It wasn't right for me and it wasn't for those two who were looking after me with so much care.
[This treatment should not be reserved to me but to your real son!] I cursed many times over, unable to express my feeling, hoping that my thoughts would somehow reach them, yet they never could.
Out of respect for them and pity for me, I came up with a plan. A ruthless plan that made me shudder the first time it came over my mind. I needed to die a second time, hoping I would not reincarnate again.
How much could I downplay death?
A foolish man, whose wish was to die, was granted a second shot at life. One that countless people around the world begged their God for...How ironic!

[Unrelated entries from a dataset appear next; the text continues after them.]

(* Let $G=([n],E)$ be an undirected graph with pathwidth $s=\mathrm{pw}(G)\ge 1$. Then there exist a function $c:[n]\to[s]$ and a permutation $u\in\Pi([n])$ such that for every $i\in[n]$ at least one of the following holds: (1) for every neighbour $k$ of $i$ in $G$, $u(i)\le u(k)$; (2) for all $j,k\in[n]$ such that $c(j)=c(i)$, $u(i)<u(j)$ and $k$ is a neighbour of $j$ in $G$, we have $u(i)\le u(k)$.
   Context: $[n]=\{1,\dots,n\}$. $\Pi([n])$ is the set of permutations of $[n]$ written as words $(u_1,\dots,u_n)$ in which each element occurs once; $u(i)$ denotes the position of $i$ in $u$. A path decomposition of an undirected graph $G=(V,E)$ is a sequence $X_1,\dots,X_p$ of subsets of $V$ such that every vertex lies in some $X_a$, every edge has both endpoints in some common $X_a$, and if $v\in X_a\cap X_b$ with $a<b$ then $v\in X_c$ for all $c\in[a,b]$. Its size is $\max_a|X_a|-1$, and the pathwidth $\mathrm{pw}(G)$ is the minimum size of a path decomposition of $G$. *)

theory Defs
  imports Main
begin

text \<open>Undirected graph on vertex set V given by a symmetric edge relation E (as a set of ordered pairs).
  A path decomposition is a list X of bags X!0,...,X!(p-1).\<close>

definition is_path_decomposition :: "'a set \<Rightarrow> ('a \<times> 'a) set \<Rightarrow> 'a set list \<Rightarrow> bool" where
  "is_path_decomposition V E X \<longleftrightarrow>
     (\<forall>a < length X. X ! a \<subseteq> V) \<and>
     (\<forall>v\<in>V. \<exists>a < length X. v \<in> X ! a) \<and>
     (\<forall>(v, w)\<in>E. \<exists>a < length X. v \<in> X ! a \<and> w \<in> X ! a) \<and>
     (\<forall>v a b c. a \<le> c \<and> c \<le> b \<and> b < length X \<and> v \<in> X ! a \<and> v \<in> X ! b \<longrightarrow> v \<in> X ! c)"

definition pd_size :: "'a set list \<Rightarrow> nat" where
  "pd_size X = Max (insert 0 (card ` set X)) - 1"

definition pathwidth :: "'a set \<Rightarrow> ('a \<times> 'a) set \<Rightarrow> nat" where
  "pathwidth V E = (LEAST s. \<exists>X. is_path_decomposition V E X \<and> pd_size X = s)"

end

theory Submission
  imports Defs
begin

text \<open>Take a path decomposition of minimum size \<open>s\<close> and order the vertices by the index of the
  last bag containing them. If \<open>w\<close> comes after \<open>p\<close> but has a neighbour not after \<open>p\<close>, then \<open>w\<close>
  lives in a bag up to that neighbour's last bag and in a bag from \<open>p\<close>'s last bag on, hence in
  \<open>p\<close>'s last bag; so at most \<open>s\<close> such \<open>w\<close> exist. Every vertex \<open>j\<close> with an earlier neighbour
  spans the interval from its earliest neighbour to itself, and these intervals overlap at most
  \<open>s\<close>-fold, so a greedy colouring by left endpoints uses \<open>s\<close> colours. If \<open>i\<close> and a later \<open>j\<close> of
  the same colour had a neighbour of \<open>j\<close> before \<open>i\<close>, the intervals of \<open>i\<close> and \<open>j\<close> would
  overlap.\<close>

lemma unused_colour_exists:
  assumes "finite N" "card N < s"
  shows "\<exists>col\<in>{1..s}. col \<notin> c ` N"
proof -
  have "card (c ` N) < card {1..s}"
    using assms card_image_le[of N c] by simp
  then have "\<not> {1..s} \<subseteq> c ` N"
    using assms(1) by (meson card_mono finite_imageI leD)
  then show ?thesis by blast
qed

lemma interval_colouring:
  fixes J :: "'a set" and a b :: "'a \<Rightarrow> nat"
  assumes "finite J" and "\<forall>j\<in>J. a j < b j"
    and "\<forall>i\<in>J. card {j\<in>J. a j \<le> a i \<and> a i < b j} \<le> s"
  shows "\<exists>c. c ` J \<subseteq> {1..s} \<and>
           (\<forall>i\<in>J. \<forall>j\<in>J. i \<noteq> j \<and> a i < b j \<and> a j < b i \<longrightarrow> c i \<noteq> c j)"
  using assms
proof (induction J rule: finite_ranking_induct[where f = a])
  case empty
  then show ?case by auto
next
  case (insert x S)
  show ?case
  proof (cases "x \<in> S")
    case True
    then show ?thesis using insert by (simp add: insert_absorb)
  next
    case x_new: False
    have "\<forall>i\<in>S. card {j\<in>S. a j \<le> a i \<and> a i < b j} \<le> s"
    proof
      fix i assume "i \<in> S"
      have "card {j\<in>S. a j \<le> a i \<and> a i < b j} \<le> card {j\<in>insert x S. a j \<le> a i \<and> a i < b j}"
        by (rule card_mono) (use insert.hyps in auto)
      also have "\<dots> \<le> s" using \<open>i \<in> S\<close> insert.prems(2) by auto
      finally show "card {j\<in>S. a j \<le> a i \<and> a i < b j} \<le> s" .
    qed
    moreover have "\<forall>j\<in>S. a j < b j"
      using insert.prems(1) by simp
    ultimately obtain c where c_range: "c ` S \<subseteq> {1..s}"
      and c_proper: "\<forall>i\<in>S. \<forall>j\<in>S. i \<noteq> j \<and> a i < b j \<and> a j < b i \<longrightarrow> c i \<noteq> c j"
      using insert.IH by blast
    define N where "N = {j\<in>S. a x < b j}"
    have fin_N: "finite N"
      using insert.hyps(1) N_def by simp
    have "insert x N \<subseteq> {j\<in>insert x S. a j \<le> a x \<and> a x < b j}"
      using insert.hyps(2) insert.prems(1) N_def by auto
    then have "card (insert x N) \<le> card {j\<in>insert x S. a j \<le> a x \<and> a x < b j}"
      by (rule card_mono[rotated]) (use insert.hyps(1) in simp)
    also have "\<dots> \<le> s"
      using insert.prems(2) by simp
    finally have "card N < s"
      using fin_N x_new N_def by simp
    then obtain col where col: "col \<in> {1..s}" "col \<notin> c ` N"
      using unused_colour_exists[OF fin_N] by blast
    \<comment> \<open>\<open>x\<close> has the largest left endpoint, so every interval of \<open>S\<close> meeting it lies in \<open>N\<close>.\<close>
    have "\<forall>i\<in>insert x S. \<forall>j\<in>insert x S.
            i \<noteq> j \<and> a i < b j \<and> a j < b i \<longrightarrow> (c(x := col)) i \<noteq> (c(x := col)) j"
    proof (intro ballI impI)
      fix i j assume "i \<in> insert x S" "j \<in> insert x S" and overlap: "i \<noteq> j \<and> a i < b j \<and> a j < b i"
      then consider "i = x" "j \<in> N" | "j = x" "i \<in> N" | "i \<in> S" "j \<in> S" "i \<noteq> x" "j \<noteq> x"
        unfolding N_def by blast
      then show "(c(x := col)) i \<noteq> (c(x := col)) j"
        by cases (use overlap col c_proper x_new N_def in auto)
    qed
    moreover have "c(x := col) ` insert x S \<subseteq> {1..s}"
      using c_range col x_new by auto
    ultimately show ?thesis by blast
  qed
qed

I postponed the plan until I was able to at least crawl around the house. I was sure that a certain degree of movement was required to commit the atrocity boiling deep inside my head. The details of how I would commit the act were still misty to me but I was positive about finding a way. I had a lot of time on my hands for that.

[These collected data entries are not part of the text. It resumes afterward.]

theorem proposition2:
  fixes V :: "'v::euclidean_space set"
    and U :: "nat \<Rightarrow> 'u::euclidean_space set"
    and N :: nat
    and g :: "'v \<Rightarrow> (nat \<Rightarrow> 'u) \<Rightarrow> 'v"
    and f :: "nat \<Rightarrow> 'v \<Rightarrow> (nat \<Rightarrow> 'u) \<Rightarrow> real"
    and \<rho> :: real
    and phi :: "nat \<Rightarrow> 'v \<Rightarrow> 'u"
    and x :: 'v
    and Lg M Ls :: real
    and L :: "nat \<Rightarrow> real"
  assumes rho_pos: "\<rho> > 0"
    and x_in: "x \<in> V"
    \<comment> \<open>admissibility of the strategy tuple (phi_1,...,phi_N)\<close>
    and phi_maps: "\<And>j y. j < N \<Longrightarrow> y \<in> V \<Longrightarrow> phi j y \<in> U j"
    and phi_meas: "\<And>j. j < N \<Longrightarrow> phi j \<in> borel_measurable (restrict_space borel V)"
    and admissible: "\<And>x0. x0 \<in> V \<Longrightarrow> has_unique_solution V g phi x0"
    and disc_in: "\<And>h x0 n. h > 0 \<Longrightarrow> x0 \<in> V \<Longrightarrow> disc_traj g phi h x0 n \<in> V"
    \<comment> \<open>H1\<close>
    and H1: "\<And>y1 y2 u v. y1 \<in> V \<Longrightarrow> y2 \<in> V \<Longrightarrow> (\<forall>j<N. u j \<in> U j \<and> v j \<in> U j) \<Longrightarrow>
              norm (g y1 u - g y2 v) \<le> Lg * (norm (y1 - y2) + (\<Sum>j<N. norm (u j - v j)))"
    \<comment> \<open>H2\<close>
    and H2: "\<And>i y1 y2 u v. i < N \<Longrightarrow> y1 \<in> V \<Longrightarrow> y2 \<in> V \<Longrightarrow> (\<forall>j<N. u j \<in> U j \<and> v j \<in> U j) \<Longrightarrow>
              \<bar>f i y1 u - f i y2 v\<bar> \<le> L i * (norm (y1 - y2) + (\<Sum>j<N. norm (u j - v j)))"
    \<comment> \<open>H3\<close>
    and H3: "\<And>i y u. i < N \<Longrightarrow> y \<in> V \<Longrightarrow> (\<forall>j<N. u j \<in> U j) \<Longrightarrow> \<bar>f i y u\<bar> \<le> M"
    \<comment> \<open>Lipschitz strategies\<close>
    and Ls_pos: "Ls > 0"
    and phi_lip: "\<And>j y1 y2. j < N \<Longrightarrow> y1 \<in> V \<Longrightarrow> y2 \<in> V \<Longrightarrow>
              norm (phi j y1 - phi j y2) \<le> Ls * norm (y1 - y2)"
    \<comment> \<open>the alternative growth / discount conditions, with L = Lg (1 + N Ls)\<close>
    and cond: "(\<rho> > Lg * (1 + real N * Ls) \<and>
                 (\<exists>B. \<forall>y u. y \<in> V \<longrightarrow> (\<forall>j<N. u j \<in> U j) \<longrightarrow> norm (g y u) \<le> B))
             \<or> (\<exists>K\<ge>0. (\<forall>y u. y \<in> V \<longrightarrow> (\<forall>j<N. u j \<in> U j) \<longrightarrow> norm (g y u) \<le> K * (1 + norm y))
                      \<and> \<rho> > Lg * (1 + real N * Ls) + K)"
  shows "\<exists>C>0. \<exists>h0>0. \<forall>h. 0 < h \<and> h \<le> h0 \<longrightarrow>
           (\<forall>i<N. \<bar>W_disc g f \<rho> h phi i x - W V g f \<rho> phi i x\<bar> \<le> C * h)"
proof -
  define G where "G = (\<lambda>y. g y (profile phi y))"
  define X where "X = traj V g phi x"
  define LF where "LF = (\<Sum>i<N. max 0 (L i * (1 + real N * Ls)))"
  have G_lip: "norm (G a - G b) \<le> max 0 (Lg * (1 + real N * Ls)) * norm (a - b)"
    if "a \<in> V" "b \<in> V" for a b
    unfolding G_def using lipschitz_through_profile[where F = g, OF _ phi_maps phi_lip H1] Ls_pos that by simp
  obtain K A where K: "0 \<le> K" "max 0 (Lg * (1 + real N * Ls)) + K < \<rho>"
    and growth: "\<And>y. y \<in> V \<Longrightarrow> norm (G y) \<le> A + K * norm y"
    unfolding G_def by (rule closed_loop_growth_bound[OF x_in rho_pos phi_maps _ cond])
      (auto intro: G_lip[unfolded G_def])
  have G_cont: "continuous_on V G"
    using G_lip by (intro lipschitz_on_continuous_on[of "max 0 (Lg * (1 + real N * Ls))"] lipschitz_onI)
      (auto simp: dist_norm)
  note X_ode = is_solution_ode[OF traj_is_solution[OF admissible[OF x_in]], folded X_def]
  obtain C h0 where "0 < C" "0 < h0"
    and err: "\<And>h F. 0 < h \<Longrightarrow> h \<le> h0 \<Longrightarrow>
      (\<And>a b. a \<in> V \<Longrightarrow> b \<in> V \<Longrightarrow> \<bar>F a - F b\<bar> \<le> LF * norm (a - b)) \<Longrightarrow>
      (\<And>a. a \<in> V \<Longrightarrow> \<bar>F a\<bar> \<le> \<bar>M\<bar>) \<Longrightarrow>
      \<bar>h * (\<Sum>k. (1 - \<rho> * h)^k * F (disc_traj g phi h x k))
        - integral {0..} (\<lambda>t. F (X t) * exp (- \<rho> * t))\<bar> \<le> C * h"
    by (rule euler_discounted_payoff_error[where V = V and G = G and X = X and xd = "\<lambda>h. disc_traj g phi h x"
          and LF = LF and M = "\<bar>M\<bar>"])
      (use K G_lip growth X_ode G_cont[unfolded G_def] disc_in x_in in \<open>auto simp: G_def LF_def sum_nonneg\<close>)
  have F_lip: "\<bar>f i a (profile phi a) - f i b (profile phi b)\<bar> \<le> LF * norm (a - b)"
    if "i < N" "a \<in> V" "b \<in> V" for i a b
  proof -
    have "norm (f i a (profile phi a) - f i b (profile phi b)) \<le> max 0 (L i * (1 + real N * Ls)) * norm (a - b)"
      using lipschitz_through_profile[where F = "f i", OF _ phi_maps phi_lip] H2[OF \<open>i < N\<close>] Ls_pos that
      by simp
    also have "\<dots> \<le> LF * norm (a - b)"
      unfolding LF_def using \<open>i < N\<close> by (intro mult_right_mono member_le_sum) auto
    finally show ?thesis by simp
  qed
  have F_bound: "\<bar>f i a (profile phi a)\<bar> \<le> \<bar>M\<bar>" if "i < N" "a \<in> V" for i a
    using H3[OF that] phi_maps that by (auto simp: profile_def intro: order_trans[OF _ abs_ge_self])
  have "\<forall>h. 0 < h \<and> h \<le> h0 \<longrightarrow> (\<forall>i<N. \<bar>W_disc g f \<rho> h phi i x - W V g f \<rho> phi i x\<bar> \<le> C * h)"
  proof (intro allI impI)
    fix h i assume h: "0 < h \<and> h \<le> h0" and i: "i < N"
    show "\<bar>W_disc g f \<rho> h phi i x - W V g f \<rho> phi i x\<bar> \<le> C * h"
      unfolding W_disc_def W_def X_def[symmetric]
      by (rule err[of h "\<lambda>y. f i y (profile phi y)"]) (use h F_lip[OF i] F_bound[OF i] in auto)
  qed
  with \<open>0 < C\<close> \<open>0 < h0\<close> show ?thesis by blast
qed
(* Let $A$ be a real $n\times n$ matrix and let $\mathcal{A} = \begin{pmatrix} 0 & A \\ A^T & 0 \end{pmatrix}$ (a real symmetric $2n\times 2n$ matrix). Then $$e^{\mathcal{A}} = \begin{pmatrix} \cosh\left(\sqrt{AA^T}\right) & A\left(\sqrt{A^TA}\right)^{\dagger}\sinh\left(\sqrt{A^TA}\right) \\ \sinh\left(\sqrt{A^TA}\right)\left(\sqrt{A^TA}\right)^{\dagger}A^T & \cosh\left(\sqrt{A^TA}\right) \end{pmatrix}.$$
   Context: For a symmetric positive semidefinite matrix $M$, $\sqrt{M}$ denotes its unique symmetric positive semidefinite square root, and $\cosh$, $\sinh$ of a symmetric matrix are defined by the usual power series (equivalently via its eigendecomposition). $B^{\dagger}$ denotes the Moore–Penrose generalized inverse of $B$. In the paper $A$ is the adjacency matrix of a directed graph, but the identity is stated for this block matrix built from $A$. *)

theory Defs
  imports "HOL-Analysis.Analysis"
begin

primrec matpow :: "real^'n^'n \<Rightarrow> nat \<Rightarrow> real^'n^'n" where
  "matpow M 0 = mat 1"
| "matpow M (Suc k) = M ** matpow M k"

definition mat_exp :: "real^'n^'n \<Rightarrow> real^'n^'n" where
  "mat_exp M = (\<Sum>k. (1 / fact k) *\<^sub>R matpow M k)"

definition mat_cosh :: "real^'n^'n \<Rightarrow> real^'n^'n" where
  "mat_cosh M = (\<Sum>k. (1 / fact (2*k)) *\<^sub>R matpow M (2*k))"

Once the plan was established, all that remained was to wait and time, once again, felt like eternity dragging its claws over my body.
Part 2
[It's time] I thought, more to convince myself rather than everything else.
I was now an eight and a half months old precocious baby. In just two months I had learned to crawl well enough to explore the rooms by myself. I could climb on things that were a little lower than me and my strength increased to the point where I was able to push or pull light things.
The first time I crawled, father cried and screamed out of joy while mother acted more composed and gave me what I thought were praises together with a soft candy. That same night father got drunk. Soo drunk that I couldn't help but laugh at the sight of him dancing half-naked on the table while mother glared at him as if he was trash. Either way in this world, when the child learns to crawl is a big enough event to get blackout drunk, or father was just being as exaggerated as usual. The latter option seemed the most probable.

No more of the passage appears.